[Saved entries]
****************

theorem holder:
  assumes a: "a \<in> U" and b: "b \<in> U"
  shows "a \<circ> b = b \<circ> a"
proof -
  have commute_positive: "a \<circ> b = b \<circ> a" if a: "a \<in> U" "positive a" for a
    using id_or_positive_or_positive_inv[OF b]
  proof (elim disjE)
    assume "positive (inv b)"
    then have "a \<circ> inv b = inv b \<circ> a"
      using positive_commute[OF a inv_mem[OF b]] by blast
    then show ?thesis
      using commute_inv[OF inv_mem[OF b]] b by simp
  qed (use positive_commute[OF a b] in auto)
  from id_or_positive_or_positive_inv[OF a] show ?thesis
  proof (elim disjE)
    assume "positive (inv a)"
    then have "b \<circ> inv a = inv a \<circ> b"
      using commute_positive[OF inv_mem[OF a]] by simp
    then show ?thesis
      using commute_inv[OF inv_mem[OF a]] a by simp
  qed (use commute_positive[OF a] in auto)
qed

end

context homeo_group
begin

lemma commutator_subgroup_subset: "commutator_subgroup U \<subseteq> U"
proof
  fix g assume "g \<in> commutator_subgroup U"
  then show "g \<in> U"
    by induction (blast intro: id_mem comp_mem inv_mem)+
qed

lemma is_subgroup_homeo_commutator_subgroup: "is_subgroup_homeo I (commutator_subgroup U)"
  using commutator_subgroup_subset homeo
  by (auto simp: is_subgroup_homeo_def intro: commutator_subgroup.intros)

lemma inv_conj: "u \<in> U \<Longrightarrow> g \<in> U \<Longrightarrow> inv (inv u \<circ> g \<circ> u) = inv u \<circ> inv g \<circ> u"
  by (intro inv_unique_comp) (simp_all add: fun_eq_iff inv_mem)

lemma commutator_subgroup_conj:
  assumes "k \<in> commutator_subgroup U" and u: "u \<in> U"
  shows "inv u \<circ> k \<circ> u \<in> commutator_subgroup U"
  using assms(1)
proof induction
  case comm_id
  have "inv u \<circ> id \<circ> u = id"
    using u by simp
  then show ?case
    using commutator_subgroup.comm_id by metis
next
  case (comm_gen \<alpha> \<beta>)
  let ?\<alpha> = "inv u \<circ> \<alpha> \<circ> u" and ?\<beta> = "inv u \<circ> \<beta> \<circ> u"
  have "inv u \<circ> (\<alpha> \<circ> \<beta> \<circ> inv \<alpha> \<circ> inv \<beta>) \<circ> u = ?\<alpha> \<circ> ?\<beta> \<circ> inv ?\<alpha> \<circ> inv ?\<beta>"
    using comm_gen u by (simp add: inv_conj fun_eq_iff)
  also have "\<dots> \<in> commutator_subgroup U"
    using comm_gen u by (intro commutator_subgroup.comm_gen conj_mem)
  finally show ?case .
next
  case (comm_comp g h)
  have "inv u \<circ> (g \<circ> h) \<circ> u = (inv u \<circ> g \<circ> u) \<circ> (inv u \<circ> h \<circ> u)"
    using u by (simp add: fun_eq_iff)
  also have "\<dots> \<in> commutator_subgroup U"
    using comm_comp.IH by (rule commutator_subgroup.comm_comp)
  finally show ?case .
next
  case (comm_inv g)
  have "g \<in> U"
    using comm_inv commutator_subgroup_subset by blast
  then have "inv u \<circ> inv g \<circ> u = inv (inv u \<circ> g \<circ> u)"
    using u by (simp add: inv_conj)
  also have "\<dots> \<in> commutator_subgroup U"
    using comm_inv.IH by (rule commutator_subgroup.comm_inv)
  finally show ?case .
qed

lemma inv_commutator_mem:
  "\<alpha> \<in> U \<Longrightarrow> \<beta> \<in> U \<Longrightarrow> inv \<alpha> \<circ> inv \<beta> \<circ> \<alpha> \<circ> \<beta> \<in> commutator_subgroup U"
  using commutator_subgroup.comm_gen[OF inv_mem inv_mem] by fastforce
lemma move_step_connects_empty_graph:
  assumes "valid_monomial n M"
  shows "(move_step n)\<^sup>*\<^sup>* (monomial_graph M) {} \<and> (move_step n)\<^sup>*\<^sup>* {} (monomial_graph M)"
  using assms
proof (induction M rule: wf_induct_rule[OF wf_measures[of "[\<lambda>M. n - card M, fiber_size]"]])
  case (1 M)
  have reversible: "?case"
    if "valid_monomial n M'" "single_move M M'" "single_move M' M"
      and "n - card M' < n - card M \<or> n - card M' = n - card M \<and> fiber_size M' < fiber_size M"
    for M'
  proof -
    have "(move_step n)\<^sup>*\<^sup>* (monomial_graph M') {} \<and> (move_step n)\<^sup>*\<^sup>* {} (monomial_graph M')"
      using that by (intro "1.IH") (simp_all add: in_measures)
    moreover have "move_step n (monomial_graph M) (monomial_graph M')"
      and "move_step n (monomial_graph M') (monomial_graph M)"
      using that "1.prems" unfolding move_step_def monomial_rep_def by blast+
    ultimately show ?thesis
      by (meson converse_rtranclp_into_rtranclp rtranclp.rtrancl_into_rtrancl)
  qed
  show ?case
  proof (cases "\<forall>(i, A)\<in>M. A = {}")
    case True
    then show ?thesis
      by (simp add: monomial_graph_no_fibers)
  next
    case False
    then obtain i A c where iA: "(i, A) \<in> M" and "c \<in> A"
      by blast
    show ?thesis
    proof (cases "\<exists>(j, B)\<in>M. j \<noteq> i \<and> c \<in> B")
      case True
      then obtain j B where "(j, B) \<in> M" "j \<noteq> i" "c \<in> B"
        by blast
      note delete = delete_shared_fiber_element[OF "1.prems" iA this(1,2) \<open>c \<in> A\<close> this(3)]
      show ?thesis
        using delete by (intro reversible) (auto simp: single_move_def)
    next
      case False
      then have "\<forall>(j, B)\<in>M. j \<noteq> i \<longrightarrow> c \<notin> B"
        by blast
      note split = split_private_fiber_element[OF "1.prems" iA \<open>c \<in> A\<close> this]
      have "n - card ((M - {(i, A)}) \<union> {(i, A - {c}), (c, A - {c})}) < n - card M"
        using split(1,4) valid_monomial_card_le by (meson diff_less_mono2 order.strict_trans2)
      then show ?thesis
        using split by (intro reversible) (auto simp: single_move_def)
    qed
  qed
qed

****************

| Brief |
Without leaving anything out, repeat the data exactly.

| Response to this exercise |
theorem holder:
  assumes a: "a \<in> U" and b: "b \<in> U"
  shows "a \<circ> b = b \<circ> a"
proof -
  have commute_positive: "a \<circ> b = b \<circ> a" if a: "a \<in> U" "positive a" for a
    using id_or_positive_or_positive_inv[OF b]
  proof (elim disjE)
    assume "positive (inv b)"
    then have "a \<circ> inv b = inv b \<circ> a"
      using positive_commute[OF a inv_mem[OF b]] by blast
    then show ?thesis
      using commute_inv[OF inv_mem[OF b]] b by simp
  qed (use positive_commute[OF a b] in auto)
  from id_or_positive_or_positive_inv[OF a] show ?thesis
  proof (elim disjE)
    assume "positive (inv a)"
    then have "b \<circ> inv a = inv a \<circ> b"
      using commute_positive[OF inv_mem[OF a]] by simp
    then show ?thesis
      using commute_inv[OF inv_mem[OF a]] a by simp
  qed (use commute_positive[OF a] in auto)
qed

end

context homeo_group
begin

lemma commutator_subgroup_subset: "commutator_subgroup U \<subseteq> U"
proof
  fix g assume "g \<in> commutator_subgroup U"
  then show "g \<in> U"
    by induction (blast intro: id_mem comp_mem inv_mem)+
qed

lemma is_subgroup_homeo_commutator_subgroup: "is_subgroup_homeo I (commutator_subgroup U)"
  using commutator_subgroup_subset homeo
  by (auto simp: is_subgroup_homeo_def intro: commutator_subgroup.intros)

lemma inv_conj: "u \<in> U \<Longrightarrow> g \<in> U \<Longrightarrow> inv (inv u \<circ> g \<circ> u) = inv u \<circ> inv g \<circ> u"
  by (intro inv_unique_comp) (simp_all add: fun_eq_iff inv_mem)

lemma commutator_subgroup_conj:
  assumes "k \<in> commutator_subgroup U" and u: "u \<in> U"
  shows "inv u \<circ> k \<circ> u \<in> commutator_subgroup U"
  using assms(1)
proof induction
  case comm_id
  have "inv u \<circ> id \<circ> u = id"
    using u by simp
  then show ?case
    using commutator_subgroup.comm_id by metis
next
  case (comm_gen \<alpha> \<beta>)
  let ?\<alpha> = "inv u \<circ> \<alpha> \<circ> u" and ?\<beta> = "inv u \<circ> \<beta> \<circ> u"
  have "inv u \<circ> (\<alpha> \<circ> \<beta> \<circ> inv \<alpha> \<circ> inv \<beta>) \<circ> u = ?\<alpha> \<circ> ?\<beta> \<circ> inv ?\<alpha> \<circ> inv ?\<beta>"
    using comm_gen u by (simp add: inv_conj fun_eq_iff)
  also have "\<dots> \<in> commutator_subgroup U"
    using comm_gen u by (intro commutator_subgroup.comm_gen conj_mem)
  finally show ?case .
next
  case (comm_comp g h)
  have "inv u \<circ> (g \<circ> h) \<circ> u = (inv u \<circ> g \<circ> u) \<circ> (inv u \<circ> h \<circ> u)"
    using u by (simp add: fun_eq_iff)
  also have "\<dots> \<in> commutator_subgroup U"
    using comm_comp.IH by (rule commutator_subgroup.comm_comp)
  finally show ?case .
next
  case (comm_inv g)
  have "g \<in> U"
    using comm_inv commutator_subgroup_subset by blast
  then have "inv u \<circ> inv g \<circ> u = inv (inv u \<circ> g \<circ> u)"
    using u by (simp add: inv_conj)
  also have "\<dots> \<in> commutator_subgroup U"
    using comm_inv.IH by (rule commutator_subgroup.comm_inv)
  finally show ?case .
qed

lemma inv_commutator_mem:
  "\<alpha> \<in> U \<Longrightarrow> \<beta> \<in> U \<Longrightarrow> inv \<alpha> \<circ> inv \<beta> \<circ> \<alpha> \<circ> \<beta> \<in> commutator_subgroup U"
  using commutator_subgroup.comm_gen[OF inv_mem inv_mem] by fastforce
lemma move_step_connects_empty_graph:
  assumes "valid_monomial n M"
  shows "(move_step n)\<^sup>*\<^sup>* (monomial_graph M) {} \<and> (move_step n)\<^sup>*\<^sup>* {} (monomial_graph M)"
  using assms
proof (induction M rule: wf_induct_rule[OF wf_measures[of "[\<lambda>M. n - card M, fiber_size]"]])
  case (1 M)
  have reversible: "?case"
    if "valid_monomial n M'" "single_move M M'" "single_move M' M"
      and "n - card M' < n - card M \<or> n - card M' = n - card M \<and> fiber_size M' < fiber_size M"
    for M'
  proof -
    have "(move_step n)\<^sup>*\<^sup>* (monomial_graph M') {} \<and> (move_step n)\<^sup>*\<^sup>* {} (monomial_graph M')"
      using that by (intro "1.IH") (simp_all add: in_measures)
    moreover have "move_step n (monomial_graph M) (monomial_graph M')"
      and "move_step n (monomial_graph M') (monomial_graph M)"
      using that "1.prems" unfolding move_step_def monomial_rep_def by blast+
    ultimately show ?thesis
      by (meson converse_rtranclp_into_rtranclp rtranclp.rtrancl_into_rtrancl)
  qed
  show ?case
  proof (cases "\<forall>(i, A)\<in>M. A = {}")
    case True
    then show ?thesis
      by (simp add: monomial_graph_no_fibers)
  next
    case False
    then obtain i A c where iA: "(i, A) \<in> M" and "c \<in> A"
      by blast
    show ?thesis
    proof (cases "\<exists>(j, B)\<in>M. j \<noteq> i \<and> c \<in> B")
      case True
      then obtain j B where "(j, B) \<in> M" "j \<noteq> i" "c \<in> B"
        by blast
      note delete = delete_shared_fiber_element[OF "1.prems" iA this(1,2) \<open>c \<in> A\<close> this(3)]
      show ?thesis
        using delete by (intro reversible) (auto simp: single_move_def)
    next
      case False
      then have "\<forall>(j, B)\<in>M. j \<noteq> i \<longrightarrow> c \<notin> B"
        by blast
      note split = split_private_fiber_element[OF "1.prems" iA \<open>c \<in> A\<close> this]
      have "n - card ((M - {(i, A)}) \<union> {(i, A - {c}), (c, A - {c})}) < n - card M"
        using split(1,4) valid_monomial_card_le by (meson diff_less_mono2 order.strict_trans2)
      then show ?thesis
        using split by (intro reversible) (auto simp: single_move_def)
    qed
  qed
qed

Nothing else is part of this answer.